While the role(s) of HS chains on perlecan have been most widely investigated with regard to regulation of FGF-2 activity [29, 30], few studies have reported on perlecan-VEGF165 interactions [5, 6, 22]. Moreover, the GAG modifications required specifically for perlecan-VEGF165 interactions have not been described. Nevertheless, studies with heparin/HS suggest 2-O- and 6-O- sulfation is important for VEGF binding and activity [31–33]. Although the abundance of 2-O- and 6-O- sulfation on PlnDI-HS suggests it harbors the capacity to interact with VEGF165, a correlation between VEGF165 affinity and abundance of a particular disaccharide or the overall level of HS sulfation has not been observed . Thus, growth factor binding is likely determined by HS domain organization (i.e., length of sulfation and transition domains, as well as their placement along the chain). Since HS chains on recombinant PlnDI are likely to be short (8-10 kDa) relative to those on tumor-derived perlecan (30-70kDa) [21, 34, 35], we predict 48 residues comprise a single HS chain on PlnDI (based on the molecular weight of repeating units of glucuronic acid and N-acetylglucosamine). Moreover, since six or seven oligosaccharide residues are sufficient to fully occupy the HS binding site for VEGF165 , we further predict that six VEGF165 binding sites (maximally) may be available on each HS chain attached to PlnDI.

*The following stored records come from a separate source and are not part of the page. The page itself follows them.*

lemma Frob_add_hole_mem:
  assumes "f \<in> Frob S" "h \<in> holes S" "h \<noteq> 0"
  shows "h + f \<in> S"
proof (rule ccontr)
  assume "h + f \<notin> S"
  obtain le where le: "term_order le" and max: "\<And>h'. h' \<in> holes S \<Longrightarrow> le h' f"
    using assms(1) unfolding Frob_def by blast
  have "f \<in> holes S"
    using assms(1) unfolding Frob_def by blast
  then have "(\<lambda>j. of_nat ((h + f) j) :: rat) \<in> pos_cone S"
    using pos_cone_add[of "\<lambda>j. of_nat (h j)" S "\<lambda>j. of_nat (f j)"] assms(2)
    by (simp add: holes_def plus_fun_def)
  with \<open>h + f \<notin> S\<close> have "le (h + f) f"
    by (intro max) (simp add: holes_def)
  moreover have "le f (h + f)"
    using le by (rule term_order_le_add)
  ultimately have "h + f = f"
    using le unfolding term_order_def by blast
  with assms(3) show False
    by (simp add: fun_eq_iff)
qed

lemma PF_insert_Frob:
  assumes "0 \<in> S" "a \<in> Frob S" "b \<in> PF S" "b \<noteq> a"
  shows "b \<in> PF (insert a S)"
proof -
  have b: "b \<in> holes S" "\<And>t. t \<in> S - {0} \<Longrightarrow> b + t \<in> S"
    using assms(3) unfolding PF_def by auto
  then have "b \<notin> S"
    unfolding holes_def by blast
  with assms(1) have "b + a \<in> S"
    using Frob_add_hole_mem[OF assms(2) b(1)] by auto
  moreover have "b \<in> holes (insert a S)"
    using b(1) \<open>b \<notin> S\<close> assms(4) pos_cone_mono[of S "insert a S"]
    unfolding holes_def by auto
  ultimately show ?thesis
    using b(2) unfolding PF_def by auto
qed

lemma lookup_single_one_mult:
  fixes p :: "'a::cancel_comm_monoid_add \<Rightarrow>\<^sub>0 'b::semiring_1"
  shows "Poly_Mapping.lookup (Poly_Mapping.single t 1 * p) k =
    (\<Sum>s. Poly_Mapping.lookup p s when k = t + s)"
  unfolding lookup_mult lookup_single when_mult by (simp add: when_def)

lemma lookup_single_one_mult_add:
  fixes p :: "'a::cancel_comm_monoid_add \<Rightarrow>\<^sub>0 'b::semiring_1"
  shows "Poly_Mapping.lookup (Poly_Mapping.single t 1 * p) (t + s) = Poly_Mapping.lookup p s"
  by (simp add: lookup_single_one_mult when_def)
text \<open>Only finitely many pairs carry at least the mass of a given atom, so the maximum is attained.\<close>
lemma hit_prob_singleton_max:
  assumes "hit_prob {x0} j0 > 0"
  obtains m where "\<And>j x. hit_prob {x} j \<le> m" "finite {(j, x). hit_prob {x} j = m}"
    and "\<exists>j x. hit_prob {x} j = m"
proof -
  define H where "H = (SIGMA j:UNIV. {x. hit_prob {x} j \<ge> hit_prob {x0} j0})"
  have "finite H"
    unfolding H_def using finite_heavy_hit_atoms[OF assms] by (intro finite_SigmaI) auto
  have "(j0, x0) \<in> H"
    by (simp add: H_def)
  define m where "m = Max ((\<lambda>(j, x). hit_prob {x} j) ` H)"
  have m_ge: "hit_prob {x0} j0 \<le> m"
    unfolding m_def using \<open>finite H\<close> \<open>(j0, x0) \<in> H\<close> by (intro Max_ge) (auto intro: rev_image_eqI)
  have "hit_prob {x} j \<le> m" for j x
  proof (cases "(j, x) \<in> H")
    case True
    then show ?thesis
      unfolding m_def using \<open>finite H\<close> by (intro Max_ge) (auto intro: rev_image_eqI)
  qed (use m_ge in \<open>simp add: H_def\<close>)
  moreover have "{(j, x). hit_prob {x} j = m} \<subseteq> H"
    using m_ge by (auto simp: H_def)
  then have "finite {(j, x). hit_prob {x} j = m}"
    using \<open>finite H\<close> by (rule finite_subset)
  moreover have "m \<in> (\<lambda>(j, x). hit_prob {x} j) ` H"
    unfolding m_def using \<open>finite H\<close> \<open>(j0, x0) \<in> H\<close> by (intro Max_in) auto
  then have "\<exists>j x. hit_prob {x} j = m"
    by auto
  ultimately show ?thesis
    by (rule that)
qed

text \<open>By the maximum principle, the set of maximisers is closed under moves along edges.\<close>
lemma maximal_atoms_closed:
  assumes "hit_prob {x0} j0 > 0"
  obtains S where "finite S" "\<And>i. \<exists>x. (i, x) \<in> S"
    and "\<And>j x j'. (j, x) \<in> S \<Longrightarrow> (j, j') \<in> E \<Longrightarrow> (j', \<beta> * x - real_of_int (lab (j, j'))) \<in> S"
proof -
  obtain m where le_m: "\<And>j x. hit_prob {x} j \<le> m" and fin: "finite {(j, x). hit_prob {x} j = m}"
    and "\<exists>j x. hit_prob {x} j = m"
    using hit_prob_singleton_max[OF assms] by blast
  define S where "S = {(j, x). hit_prob {x} j = m}"
  obtain j1 x1 where "(j1, x1) \<in> S"
    using \<open>\<exists>j x. _\<close> by (auto simp: S_def)
  have closed: "(j', \<beta> * x - real_of_int (lab (j, j'))) \<in> S" if "(j, x) \<in> S" "(j, j') \<in> E" for j x j'
    using convex_combination_eq_max[of "trans_prob j" "\<lambda>j'. hit_prob {\<beta> * x - real_of_int (lab (j, j'))} j'" m j']
      trans_prob_nonneg sum_trans_prob le_m trans_prob_pos[OF that(2)] that(1)
      hit_prob_singleton_first_step[of x j]
    by (simp add: S_def)
  have meets_all: "\<exists>x. (i, x) \<in> S" for i
    using strongly_connected[of j1 i]
  proof (induction rule: rtrancl_induct)
    case base
    then show ?case
      using \<open>(j1, x1) \<in> S\<close> by blast
  next
    case (step i i')
    then show ?case
      using closed by blast
  qed
  show ?thesis
    using fin meets_all closed unfolding S_def[symmetric] by (rule that)
qed

lemma phi_label_seqs_determined:
  assumes "hit_prob {x0} j0 > 0"
  obtains c where "\<And>i l. l \<in> label_seqs E lab {i} \<Longrightarrow> phi \<beta> l = c i"
proof -
  obtain S where S: "finite S" "\<And>i. \<exists>x. (i, x) \<in> S"
    and closed: "\<And>j x j'. (j, x) \<in> S \<Longrightarrow> (j, j') \<in> E \<Longrightarrow> (j', \<beta> * x - real_of_int (lab (j, j'))) \<in> S"
    using maximal_atoms_closed[OF assms] by blast
  have c: "(i, SOME x. (i, x) \<in> S) \<in> S" for i
    using S(2) by (rule someI_ex)
  show ?thesis
  proof (rule that)
    fix i l
    assume "l \<in> label_seqs E lab {i}"
    then obtain p where "p 0 = i" "\<And>n. (p n, p (Suc n)) \<in> E" "l = (\<lambda>n. lab (p n, p (Suc n)))"
      by (auto simp: label_seqs_def)
    then show "phi \<beta> l = (SOME x. (i, x) \<in> S)"
      using phi_path_labels_eq[OF S(1) closed] c by blast
  qed
qed

context
  fixes \<rho> :: "(nat \<Rightarrow> int) measure" and u :: "real^'v"
  assumes sets_\<rho>: "sets \<rho> = sets (seq_space A)" and u_nonneg: "\<forall>i. u $ i \<ge> 0"
    and u_vR_pos: "u \<bullet> vR > 0"
    and cylinder_\<rho>: "\<forall>eps. set eps \<subseteq> A \<longrightarrow> emeasure \<rho> (cylinder A eps) =
        ennreal (lam powi (- int (length eps)) *
                 (u \<bullet> (mat_list_prod (map (label_matrix E lab) eps) *v vR)) / (u \<bullet> vR))"
begin

lemma emeasure_distr_phi:
  assumes "Z \<in> sets borel"
  shows "emeasure (distr \<rho> borel (phi \<beta>)) Z = ennreal (\<Sum>j\<in>UNIV. start_weight u j * hit_prob Z j)"
proof -
  have phi: "phi \<beta> \<in> measurable (walk_mixture u) borel"
    using measurable_phi by (simp add: measurable_cong_sets[OF sets_walk_mixture refl])
  have "emeasure (distr \<rho> borel (phi \<beta>)) Z = emeasure (walk_mixture u) (phi \<beta> -` Z \<inter> space (walk_mixture u))"
    unfolding eq_walk_mixture[OF sets_\<rho> u_nonneg u_vR_pos cylinder_\<rho>] by (rule emeasure_distr[OF phi assms])
  also have "\<dots> = emeasure (walk_mixture u) {x \<in> space (seq_space A). phi \<beta> x \<in> Z}"
    using sets_eq_imp_space_eq[OF sets_walk_mixture] by (simp add: vimage_def Int_def conj_commute)
  also have "\<dots> = ennreal (\<Sum>j\<in>UNIV. start_weight u j * hit_prob Z j)"
    using measurable_sets[OF measurable_phi assms] walk_labels_in_space
    by (subst emeasure_walk_mixture[OF u_nonneg u_vR_pos])
       (simp_all add: hit_prob_def vimage_def Int_def conj_commute)
  finally show ?thesis .
qed

lemma prob_space_distr_phi: "prob_space (distr \<rho> borel (phi \<beta>))"
  by (rule prob_spaceI)
     (simp add: emeasure_distr_phi hit_prob_def walks.prob_space sum_start_weight[OF u_vR_pos])

lemma emeasure_compl_shift_saturation:
  assumes "N \<in> sets borel" "emeasure (distr \<rho> borel (phi \<beta>)) N > 0"
  shows "emeasure (distr \<rho> borel (phi \<beta>)) (UNIV - shift_saturation \<beta> N) = 0"
proof -
  interpret \<nu>: prob_space "distr \<rho> borel (phi \<beta>)"
    by (rule prob_space_distr_phi)
  let ?Z = "shift_saturation \<beta> N"
  have Z: "?Z \<in> sets borel" "shift_invariant \<beta> ?Z"
    using assms(1) beta_nonzero by (simp_all add: shift_saturation_in_borel shift_invariant_shift_saturation)
  obtain j0 :: 'v where True
    by blast
  have "emeasure (distr \<rho> borel (phi \<beta>)) ?Z = ennreal (\<Sum>j\<in>UNIV. start_weight u j * hit_prob ?Z j)"
    by (rule emeasure_distr_phi[OF Z(1)])
  also have "(\<Sum>j\<in>UNIV. start_weight u j * hit_prob ?Z j) = (\<Sum>j\<in>UNIV. start_weight u j) * hit_prob ?Z j0"
    unfolding sum_distrib_right by (intro sum.cong refl arg_cong2[where f="(*)"] hit_prob_invariant_const[OF Z])
  also have "\<dots> = hit_prob ?Z j0"
    by (simp add: sum_start_weight[OF u_vR_pos])
  finally have Z_eq: "emeasure (distr \<rho> borel (phi \<beta>)) ?Z = ennreal (hit_prob ?Z j0)" .
  have "emeasure (distr \<rho> borel (phi \<beta>)) N \<le> emeasure (distr \<rho> borel (phi \<beta>)) ?Z"
    using Z(1) subset_shift_saturation by (intro emeasure_mono) auto
  then have "hit_prob ?Z j0 \<noteq> 0"
    using assms(2) Z_eq by auto
  then have "emeasure (distr \<rho> borel (phi \<beta>)) ?Z = 1"
    using hit_prob_zero_or_one[OF Z, of j0] Z_eq by simp
  then show ?thesis
    using emeasure_compl[of ?Z "distr \<rho> borel (phi \<beta>)"] Z(1) \<nu>.emeasure_space_1 by simp
qed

The HS dependent binding of VEGF165 to immobilized PlnDI described herein is consistent with recent reports [5, 6]. In contrast, a new communication has reported PlnDI does not bind immobilized VEGF165 . We suspect the concentration and/or the disaccharide composition of PlnDI employed therein may account for the contrasting observations. Our studies with PlnDI in solution suggest VEGF165 binding to PlnDI in solution is not only HS but pH dependent. The marked reduction in VEGF165 binding to PlnDI under acidic conditions, a novel observation, is consistent with previous publications describing the attenuation of VEGF165 binding with low concentrations of heparin under acidic conditions, and its potentiation at neutral pH [14, 37].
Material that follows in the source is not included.